21:24:51 <bd808> that wouldn't effect site messages because the message system grabs onto $wgParser
21:25:12 <bd808> but maybe that's not a bad thing
21:25:17 <brion> but they'd still have to be written in wikitext if they are stored in a wiki page, right?
21:25:19 <TimStarling> yeah, that's the point
21:25:47 <TimStarling> site messages could have the wikitext content type, so you could even preview them using wikitext
21:26:27 <TimStarling> we already support default content types that vary depending on namespace
21:26:27 <brion> #info example of needing core parser: messages in MediaWiki: namespace, such as site notices. force them to use wikitext CH
21:26:34 <TimStarling> again for wikidata's benefit
21:26:34 <robla> is some sort of wikitext always going to be at the heart of MediaWiki or is T112999 forseeable?
21:26:35 <stashbot> T112999: Let MediaWiki operate entirely without wikitext -
21:27:09 <brion> robla: it's conceivable but we'd have to eliminate or make optional the remaining wikitext users ;)
21:27:36 <subbu> brion, i don't think robla is saying get rid of wikitext .. but whether mediawiki might support an option without wikitext.
21:27:48 <bd808> allowing the parser for site messages to change would be like adding a language variant to every i18n language which seems unlikely to turn out well
21:28:22 <brion> right you'd basically have to change them to plaintext or plaintext with a very limited markup that is not full wikitext
21:28:31 * subbu is trying to grok what bd808 just said
21:28:34 <TimStarling> I don't think it would really be helpful to attempt to translate i18n into some other markup language
21:28:46 <brion> but we've got all sorts of fun things like grammatical plural and gender markers done via a subset of wiki markup
21:28:47 <TimStarling> you know, i18n really drove the development of a lot of parser features
21:28:48 <bd808> subbu: en-wikitext && en-markdown
21:29:30 <brion> #info i18n is heavily dependent on a subset of the core parser for plurals, genders, and other message variants... but that doesn't have to be used for content if you don't want
21:29:36 <robla> let's say that the version of wikitext we have now is "wikitext 1.0". is "wikitext 1.1" something we could do? (and still support i18n)
21:30:10 * brion ponders
21:30:36 <brion> could we, or would we want to, split a wikitext spec into 'the bits used for i18n' and 'extra fancy-ass markup used in wikipedia-like content'
21:30:37 <brion> ?
21:30:45 <subbu> robla, wikitext has evolved over the years .. so, i guess the qn. you are asking is if explicit versioning is needed?
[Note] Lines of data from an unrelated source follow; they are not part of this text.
lemma expected_opinion_Suc:
  assumes bfs: "bfs_tree V E r p" and lf: "locally_finite V E"
    and ab: "0 \<le> a" "a \<le> 1" "0 \<le> b" "b \<le> 1" and v: "v \<in> V"
  shows "expected_opinion V p r a b (Suc t) v =
    (if v = r then 1
     else if v \<in> gball V E r t
       then b * expected_opinion V p r a b t (p v) + (1 - b) * expected_opinion V p r a b t v
     else (1 - 2 * a) * expected_opinion V p r a b t (p v))"
proof -
  let ?x = "\<lambda>g. if v = r then 1 else if v \<in> gball V E r t
     then b * opinion_val (g (p v)) + (1 - b) * opinion_val (g v)
     else (1 - 2 * a) * opinion_val (g (p v))"
  have "expected_opinion V p r a b (Suc t) v = measure_pmf.expectation (spread V p r a b t)
      (\<lambda>g. measure_pmf.expectation (spread_step V p r a b g) (\<lambda>f. opinion_val (f v)))"
    unfolding expected_opinion_def by (simp add: expectation_bind_pmf[where B = 1])
  also have "\<dots> = measure_pmf.expectation (spread V p r a b t) ?x"
  proof (intro integral_cong_AE AE_pmfI)
    fix g assume "g \<in> set_pmf (spread V p r a b t)"
    then have g: "\<And>v. g v \<noteq> Und \<longleftrightarrow> v \<in> gball V E r t"
      using spread_support[OF bfs lf] by blast
    show "measure_pmf.expectation (spread_step V p r a b g) (\<lambda>f. opinion_val (f v)) = ?x g"
      using expectation_spread_step_opinion[OF spread_step_domain[OF bfs g] finite_gball[OF bfs lf] v ab]
        g[of v]
      by simp
  qed auto
  also have "\<dots> = (if v = r then 1
     else if v \<in> gball V E r t
       then b * expected_opinion V p r a b t (p v) + (1 - b) * expected_opinion V p r a b t v
     else (1 - 2 * a) * expected_opinion V p r a b t (p v))"
    unfolding expected_opinion_def
    by (auto simp: integrable_measure_pmf_bounded[OF abs_opinion_val_le_1] intro!: integral_add)
  finally show ?thesis .
qed

lemma expected_opinion_bounds:
  assumes bfs: "bfs_tree V E r p" and lf: "locally_finite V E"
    and ab: "0 \<le> a" "a \<le> 1/2" "0 \<le> b" "b \<le> 1" and v: "v \<in> V"
  shows "0 \<le> expected_opinion V p r a b t v \<and> expected_opinion V p r a b t v \<le> 1"
  using v
proof (induction t arbitrary: v)
  case 0
  then show ?case by (simp add: expected_opinion_0)
next
  case (Suc t)
  let ?x = "expected_opinion V p r a b t"
  show ?case
  proof (cases "v = r")
    case False
    have "p v \<in> V" using bfs_tree_parent(1)[OF bfs Suc.prems False] .
    then have "0 \<le> ?x (p v)" "?x (p v) \<le> 1" "0 \<le> ?x v" "?x v \<le> 1"
      using Suc by auto
    moreover have "b * ?x (p v) + (1 - b) * ?x v \<le> b * 1 + (1 - b) * 1"
      using calculation ab by (intro add_mono mult_left_mono) auto
    moreover have "(1 - 2 * a) * ?x (p v) \<le> 1 * 1"
      using calculation ab by (intro mult_mono) auto
    ultimately show ?thesis
      using expected_opinion_Suc[OF bfs lf _ _ _ _ Suc.prems, of a b t] ab False by auto
  qed (use expected_opinion_Suc[OF bfs lf _ _ _ _ Suc.prems] ab in simp)
qed

lemma one_minus_expected_opinion_le:
  fixes lam :: real
  assumes bfs: "bfs_tree V E r p" and lf: "locally_finite V E"
    and ab: "0 \<le> a" "a \<le> 1/2" "0 \<le> b" "b \<le> 1" and lam: "0 \<le> lam"
    and v: "v \<in> V" "gdist E r v \<le> t"
  shows "1 - expected_opinion V p r a b t v \<le> exp (lam * gdist E r v) * (b * exp (- lam) + (1 - b)) ^ t"
  using v
proof (induction t arbitrary: v)
  case 0
  then have "v = r" using gball_0[OF bfs] by (auto simp: gball_def)
  then show ?case by (simp add: expected_opinion_0)
next
  case (Suc t)
  let ?x = "expected_opinion V p r a b t" and ?mu = "b * exp (- lam) + (1 - b)"
  have mu: "0 \<le> ?mu" using ab by simp
  show ?case
  proof (cases "v = r")
    case True
    then show ?thesis using expected_opinion_Suc[OF bfs lf _ _ _ _ Suc.prems(1)] ab mu by simp
  next
    case False
    note parent = bfs_tree_parent[OF bfs Suc.prems(1) False]
    show ?thesis
    proof (cases "v \<in> gball V E r t")
      case True
      then have "gdist E r v \<le> t" by (simp add: gball_def)
      then have "1 - ?x (p v) \<le> exp (lam * gdist E r (p v)) * ?mu ^ t"
        and "1 - ?x v \<le> exp (lam * gdist E r v) * ?mu ^ t"
        using Suc.IH[OF parent(1)] Suc.IH[OF Suc.prems(1)] parent(3) by auto
      then have "b * (1 - ?x (p v)) + (1 - b) * (1 - ?x v)
          \<le> b * (exp (lam * gdist E r (p v)) * ?mu ^ t) + (1 - b) * (exp (lam * gdist E r v) * ?mu ^ t)"
        using ab by (intro add_mono mult_left_mono) auto
      also have "\<dots> = exp (lam * gdist E r v) * ?mu ^ Suc t"
        unfolding parent(3) by (simp add: algebra_simps exp_add exp_minus)
      finally show ?thesis
        using expected_opinion_Suc[OF bfs lf _ _ _ _ Suc.prems(1), of a b t] ab False True
        by (simp add: algebra_simps)
    next
      case False
      with Suc.prems have d: "gdist E r v = Suc t" by (simp add: gball_def)
      have "1 - expected_opinion V p r a b (Suc t) v \<le> 1"
        using expected_opinion_Suc[OF bfs lf _ _ _ _ Suc.prems(1), of a b t] False \<open>v \<noteq> r\<close> ab
          expected_opinion_bounds[OF bfs lf ab parent(1), of t] by simp
      also have "1 \<le> (exp lam * ?mu) ^ Suc t"
        using ab lam mult_left_mono[of 1 "exp lam" "1 - b"]
        by (intro one_le_power) (simp add: algebra_simps exp_minus)
      also have "\<dots> = exp (lam * gdist E r v) * ?mu ^ Suc t"
        unfolding d power_mult_distrib exp_of_nat_mult[symmetric] by (simp add: mult.commute)
      finally show ?thesis .
    qed
  qed
qed

lemma expected_opinion_le:
  fixes lam :: real
  assumes bfs: "bfs_tree V E r p" and lf: "locally_finite V E"
    and ab: "0 \<le> a" "a \<le> 1/2" "0 \<le> b" "b \<le> 1" and lam: "0 \<le> lam"
    and noise: "(1 - 2 * a) * exp lam \<le> b * exp lam + (1 - b)" and v: "v \<in> V"
  shows "expected_opinion V p r a b t v \<le> exp (- lam * gdist E r v) * (b * exp lam + (1 - b)) ^ t"
  using v
proof (induction t arbitrary: v)
  case 0
  then show ?case by (simp add: expected_opinion_0)
next
  case (Suc t)
  let ?x = "expected_opinion V p r a b t" and ?nu = "b * exp lam + (1 - b)"
  have nu: "1 \<le> ?nu" using ab lam mult_left_mono[of 1 "exp lam" b] by simp
  show ?case
  proof (cases "v = r")
    case True
    then show ?thesis
      using expected_opinion_Suc[OF bfs lf _ _ _ _ Suc.prems] ab one_le_power[OF nu, of "Suc t"]
      by (simp del: power_Suc)
  next
    case False
    note parent = bfs_tree_parent[OF bfs Suc.prems False]
    have parent_exp: "exp (- lam * gdist E r (p v)) = exp (- lam * gdist E r v) * exp lam"
      unfolding parent(3) by (simp add: exp_add[symmetric] algebra_simps)
    have IH_parent: "?x (p v) \<le> exp (- lam * gdist E r (p v)) * ?nu ^ t"
      using Suc.IH parent(1) .
    show ?thesis
    proof (cases "v \<in> gball V E r t")
      case True
      have "b * ?x (p v) + (1 - b) * ?x v
          \<le> b * (exp (- lam * gdist E r (p v)) * ?nu ^ t) + (1 - b) * (exp (- lam * gdist E r v) * ?nu ^ t)"
        using IH_parent Suc ab by (intro add_mono mult_left_mono) auto
      also have "\<dots> = exp (- lam * gdist E r v) * ?nu ^ Suc t"
        unfolding parent_exp by (simp add: algebra_simps)
      finally show ?thesis
        using expected_opinion_Suc[OF bfs lf _ _ _ _ Suc.prems, of a b t] ab False True by simp
    next
      case outside: False
      have "(1 - 2 * a) * ?x (p v) \<le> (1 - 2 * a) * (exp (- lam * gdist E r (p v)) * ?nu ^ t)"
        using IH_parent ab by (intro mult_left_mono) auto
      also have "\<dots> = exp (- lam * gdist E r v) * ?nu ^ t * ((1 - 2 * a) * exp lam)"
        unfolding parent_exp by (simp add: algebra_simps)
      also have "\<dots> \<le> exp (- lam * gdist E r v) * ?nu ^ Suc t"
        using noise nu by (simp add: mult_left_mono)
      finally show ?thesis
        using expected_opinion_Suc[OF bfs lf _ _ _ _ Suc.prems, of a b t] ab False outside by simp
    qed
  qed
qed

lemma exp_le_one_plus_self_plus_square:
  fixes x :: real
  assumes "\<bar>x\<bar> \<le> 1"
  shows "exp x \<le> 1 + x + x\<^sup>2"
proof (cases "0 \<le> x")
  case True
  then show ?thesis using assms exp_bound by simp
next
  case False
  have "(1 + x + x\<^sup>2) * (1 - x) = 1 - x * (x * x)"
    by (simp add: power2_eq_square algebra_simps)
  then have "1 \<le> (1 + x + x\<^sup>2) * (1 - x)"
    using False mult_nonpos_nonneg[of x "x * x"] by simp
  then have "1 / (1 - x) \<le> 1 + x + x\<^sup>2"
    using False by (simp add: divide_le_eq)
  moreover have "exp x \<le> 1 / (1 - x)"
    using False exp_ge_add_one_self[of "- x"] by (simp add: exp_minus field_simps)
  ultimately show ?thesis by linarith
qed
21:30:48 <brion> or is that even worse :D
21:30:49 <TimStarling> i18n of course is a mix of formats
21:31:05 <TimStarling> preprocessed plain text, preprocessed HTML and true wikitext
21:31:07 <brion> plaintext, plaintext plus, wikitext, html, .... oh helllllls
21:31:14 <robla> subbu: yeah, I think so
21:31:49 <TimStarling> well, except the qqq language which is pretty consistently wikitext
21:32:52 <brion> #info question: is explicit versioning needed? can/should we make a 'wikitext 1.1' that is always implemented for i18n and ui messages?
21:33:18 <brion> #info note i18n messages are a mix of plaintext+preprocess, HTML+preprocess, and pure wikitext
21:34:42 <TimStarling> robla, are you proposing any role for markdown on WMF wikis?
21:35:10 <Scott_WUaS> (What are the implications of these MediaWiki markdown choices/decisions re ContentTranslation and Wikipedia's 358 languages, and security questions especially?)
21:35:47 <robla> TimStarling: I think it potentially has a role in normalizing CopyPaste issues, but the path toward that is complicated
21:35:59 <brion> #info question: implications of markdown choices on other tools like CT, need for i18n, and security?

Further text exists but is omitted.